## [Directions for this task]
Below this sentence is a listing; return exactly its lines from the one with "(\<forall>i\<in>B. \<not> col_pos" to the one with "d \<and> last_block_positive", both kept, and nothing more.

## [Given records]

(* For an integer $d\ge1$, let $a^+(n;d)$ (resp. $a^-(n;d)$) denote the number of partitions of $n$ whose Frobenius symbol has exactly $d$ columns and whose last parity block is positive (resp. negative). Then, as formal power series in $q$, \[ \sum_{n=1}^{\infty} a^+(n;d) q^n = \frac{q^{d^2+d}}{(q;q)_d^2 \, (1+q^d)} \qquad\text{and}\qquad \sum_{n=1}^{\infty} a^-(n;d) q^n = \frac{q^{d^2}}{(q;q)_d^2 \,(1+q^d)}. \]
   Context: Every partition $\lambda$ of $n$ is represented by its Frobenius symbol $\begin{pmatrix} x_1 & \cdots & x_d\\ y_1&\cdots & y_d\end{pmatrix}$, where $d$ is the number of cells on the main diagonal of the Ferrers diagram, $x_i$ (resp. $y_i$) is the number of cells in row $i$ to the right of (resp. in column $i$ below) the diagonal, so $x_1>\cdots>x_d\ge 0$, $y_1>\cdots>y_d\ge0$ and $\sum_{i=1}^d(x_i+y_i+1)=n$; $d$ is called the number of columns. Column $i$ is positive if $x_i-y_i\ge 1$ and negative if $x_i-y_i\le 0$. The parity blocks of $\lambda$ are the maximal sets of contiguous columns all having the same sign; a block is positive (resp. negative) if its columns are positive (resp. negative). Notation: $(a;q)_n=(1-a)(1-aq)\cdots(1-aq^{n-1})$. *)

theory Defs
  imports Main "HOL-Computational_Algebra.Formal_Power_Series"
begin

definition is_partition :: "nat \<Rightarrow> nat list \<Rightarrow> bool" where
  "is_partition n p \<longleftrightarrow> sorted_wrt (\<ge>) p \<and> 0 \<notin> set p \<and> sum_list p = n"

(* i-th part, 1-based (0 beyond the length) *)
definition part :: "nat list \<Rightarrow> nat \<Rightarrow> nat" where
  "part p i = (if 1 \<le> i \<and> i \<le> length p then p ! (i - 1) else 0)"

definition conj_part :: "nat list \<Rightarrow> nat \<Rightarrow> nat" where
  "conj_part p j = length (filter (\<lambda>a. j \<le> a) p)"

(* number of cells on the main diagonal = number of Frobenius columns d *)
definition frob_d :: "nat list \<Rightarrow> nat" where
  "frob_d p = card {i \<in> {1..length p}. i \<le> part p i}"

(* Frobenius symbol entries: x_i = cells of row i right of diagonal, y_i = cells of column i below *)
definition frob_x :: "nat list \<Rightarrow> nat \<Rightarrow> nat" where
  "frob_x p i = part p i - i"

definition frob_y :: "nat list \<Rightarrow> nat \<Rightarrow> nat" where
  "frob_y p i = conj_part p i - i"

definition col_pos :: "nat list \<Rightarrow> nat \<Rightarrow> bool" where
  "col_pos p i \<longleftrightarrow> int (frob_x p i) - int (frob_y p i) \<ge> 1"

definition same_sign_run :: "nat list \<Rightarrow> nat set \<Rightarrow> bool" where
  "same_sign_run p B \<longleftrightarrow> (\<exists>a b. 1 \<le> a \<and> a \<le> b \<and> b \<le> frob_d p \<and> B = {a..b} \<and>
       (\<forall>i\<in>B. \<forall>j\<in>B. col_pos p i = col_pos p j))"

definition parity_block :: "nat list \<Rightarrow> nat set \<Rightarrow> bool" where
  "parity_block p B \<longleftrightarrow> same_sign_run p B \<and> (\<forall>C. same_sign_run p C \<and> B \<subseteq> C \<longrightarrow> C = B)"

definition last_block_positive :: "nat list \<Rightarrow> bool" where
  "last_block_positive p \<longleftrightarrow>
     (\<exists>B. parity_block p B \<and> frob_d p \<in> B \<and> (\<forall>i\<in>B. col_pos p i))"

definition last_block_negative :: "nat list \<Rightarrow> bool" where
  "last_block_negative p \<longleftrightarrow>
     (\<exists>B. parity_block p B \<and> frob_d p \<in> B \<and> (\<forall>i\<in>B. \<not> col_pos p i))"

definition a_plus :: "nat \<Rightarrow> nat \<Rightarrow> nat" where
  "a_plus n d = card {p. is_partition n p \<and> frob_d p = d \<and> last_block_positive p}"

definition a_minus :: "nat \<Rightarrow> nat \<Rightarrow> nat" where
  "a_minus n d = card {p. is_partition n p \<and> frob_d p = d \<and> last_block_negative p}"

definition qpoch_q :: "nat \<Rightarrow> rat fps" where
  "qpoch_q d = (\<Prod>k\<in>{1..d}. 1 - fps_X ^ k)"

end

theory Submission
  imports Defs
begin

text \<open>A partition with Durfee square of side \<open>d\<close> is its first \<open>d\<close> rows, each of length at
  least \<open>d\<close>, on top of a partition into parts at most \<open>d\<close>. Shortening the top rows by \<open>d\<close>,
  then splitting off the length \<open>e\<close> of the shortest of them and the number \<open>c\<close> of parts equal
  to \<open>d\<close> below the square, leaves two independent partitions, each counted by
  \<open>1/(q;q)_(d-1)\<close>, while \<open>(e, c)\<close> contributes \<open>q^(d^2 + d e + d c)\<close>. In Frobenius
  coordinates \<open>x_d = e\<close> and \<open>y_d = c\<close>, and the last parity block has the sign of column \<open>d\<close>.
  So the positive (negative) count sums \<open>q^(d^2 + d e + d c)\<close> over \<open>c < e\<close> (over
  \<open>e \<le> c\<close>), which gives \<open>q^(d^2 + d)\<close> (resp. \<open>q^(d^2)\<close>) over \<open>(1 - q^(2d)) (1 - q^d)\<close>.\<close>

definition finite_fibres :: "'a set \<Rightarrow> ('a \<Rightarrow> nat) \<Rightarrow> bool" where
  "finite_fibres S w \<longleftrightarrow> (\<forall>n. finite {x\<in>S. w x = n})"

definition weight_gf :: "'a set \<Rightarrow> ('a \<Rightarrow> nat) \<Rightarrow> rat fps" where
  "weight_gf S w = Abs_fps (\<lambda>n. of_nat (card {x\<in>S. w x = n}))"

lemma fibres_bij_betw:
  assumes "bij_betw f A B" "\<And>a. a \<in> A \<Longrightarrow> v (f a) = w a"
  shows "{b\<in>B. v b = n} = f ` {a\<in>A. w a = n}"
  using assms by (auto simp: bij_betw_def)

lemma weight_gf_bij_betw:
  assumes "bij_betw f A B" "\<And>a. a \<in> A \<Longrightarrow> v (f a) = w a"
  shows "weight_gf B v = weight_gf A w"
proof -
  have "inj_on f {a\<in>A. w a = n}" for n
    using assms(1) by (auto simp: bij_betw_def inj_on_def)
  then show ?thesis
    by (simp add: weight_gf_def fibres_bij_betw[of f A B v w, OF assms] card_image)
qed

lemma finite_fibres_bij_betw:
  assumes "bij_betw f A B" "\<And>a. a \<in> A \<Longrightarrow> v (f a) = w a" "finite_fibres A w"
  shows "finite_fibres B v"
  using assms(3) by (simp add: finite_fibres_def fibres_bij_betw[of f A B v w, OF assms(1,2)])

lemma finite_fibres_finite: "finite S \<Longrightarrow> finite_fibres S w"
  unfolding finite_fibres_def by simp

lemma weight_gf_singleton: "weight_gf {x} w = fps_X ^ w x"
proof (rule fps_ext)
  fix n
  have "{y\<in>{x}. w y = n} = (if w x = n then {x} else {})" by auto
  then show "fps_nth (weight_gf {x} w) n = fps_nth (fps_X ^ w x) n"
    by (simp add: weight_gf_def)
qed

lemma fibres_Times:
  fixes w :: "'a \<Rightarrow> nat" and v :: "'b \<Rightarrow> nat"
  shows "{x\<in>A \<times> B. (case x of (a, b) \<Rightarrow> w a + v b) = n} =
     (\<Union>i\<le>n. {a\<in>A. w a = i} \<times> {b\<in>B. v b = n - i})"
  by auto

lemma finite_fibres_Times:
  "finite_fibres A w \<Longrightarrow> finite_fibres B v \<Longrightarrow> finite_fibres (A \<times> B) (\<lambda>(a, b). w a + v b)"
  unfolding finite_fibres_def fibres_Times by auto

lemma weight_gf_Times:
  assumes "finite_fibres A w" "finite_fibres B v"
  shows "weight_gf (A \<times> B) (\<lambda>(a, b). w a + v b) = weight_gf A w * weight_gf B v"
proof (rule fps_ext)
  fix n
  have "card {x\<in>A \<times> B. (case x of (a, b) \<Rightarrow> w a + v b) = n} =
      (\<Sum>i\<le>n. card ({a\<in>A. w a = i} \<times> {b\<in>B. v b = n - i}))"
    using assms unfolding fibres_Times finite_fibres_def by (intro card_UN_disjoint) auto
  then show "fps_nth (weight_gf (A \<times> B) (\<lambda>(a, b). w a + v b)) n =
      fps_nth (weight_gf A w * weight_gf B v) n"
    by (simp add: weight_gf_def fps_mult_nth card_cartesian_product atLeast0AtMost)
qed

lemma weight_gf_shift: "weight_gf A (\<lambda>a. w a + K) = fps_X ^ K * weight_gf A w"
proof (rule fps_ext)
  fix n
  have "{a\<in>A. w a + K = n} = (if n < K then {} else {a\<in>A. w a = n - K})" by auto
  then show "fps_nth (weight_gf A (\<lambda>a. w a + K)) n = fps_nth (fps_X ^ K * weight_gf A w) n"
    by (simp add: weight_gf_def fps_X_power_mult_nth)
qed

lemma finite_fibres_multiples: "finite_fibres (UNIV :: nat set) (\<lambda>a. k * a)" if "k > 0"
  unfolding finite_fibres_def
proof
  fix n
  have "{a\<in>UNIV. k * a = n} \<subseteq> {..n}" using that by auto
  then show "finite {a\<in>UNIV. k * a = n}" by (rule finite_subset) simp
qed

lemma weight_gf_multiples:
  assumes "k > 0"
  shows "weight_gf (UNIV :: nat set) (\<lambda>a. k * a) = inverse (1 - fps_X ^ k)"
proof -
  define G where "G = weight_gf (UNIV :: nat set) (\<lambda>a. k * a)"
  have fibre: "{a\<in>UNIV. k * a = n} = (if k dvd n then {n div k} else {})" for n
    using assms by auto
  have "(1 - fps_X ^ k) * G = 1"
  proof (rule fps_ext)
    fix n
    have "fps_nth ((1 - fps_X ^ k) * G) n = fps_nth G n - fps_nth (fps_X ^ k * G) n"
      by (simp add: algebra_simps)
    also have "\<dots> = fps_nth 1 n"
      using assms unfolding G_def weight_gf_def fps_X_power_mult_nth fibre
      by (auto simp: dvd_minus_self elim: dvdE)
    finally show "fps_nth ((1 - fps_X ^ k) * G) n = fps_nth 1 n" .
  qed
  then show ?thesis unfolding G_def by (rule fps_inverse_unique[symmetric])
qed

## [Answer to this exercise]
     (\<exists>B. parity_block p B \<and> frob_d p \<in> B \<and> (\<forall>i\<in>B. \<not> col_pos p i))"

definition a_plus :: "nat \<Rightarrow> nat \<Rightarrow> nat" where
  "a_plus n d = card {p. is_partition n p \<and> frob_d p = d \<and> last_block_positive p}"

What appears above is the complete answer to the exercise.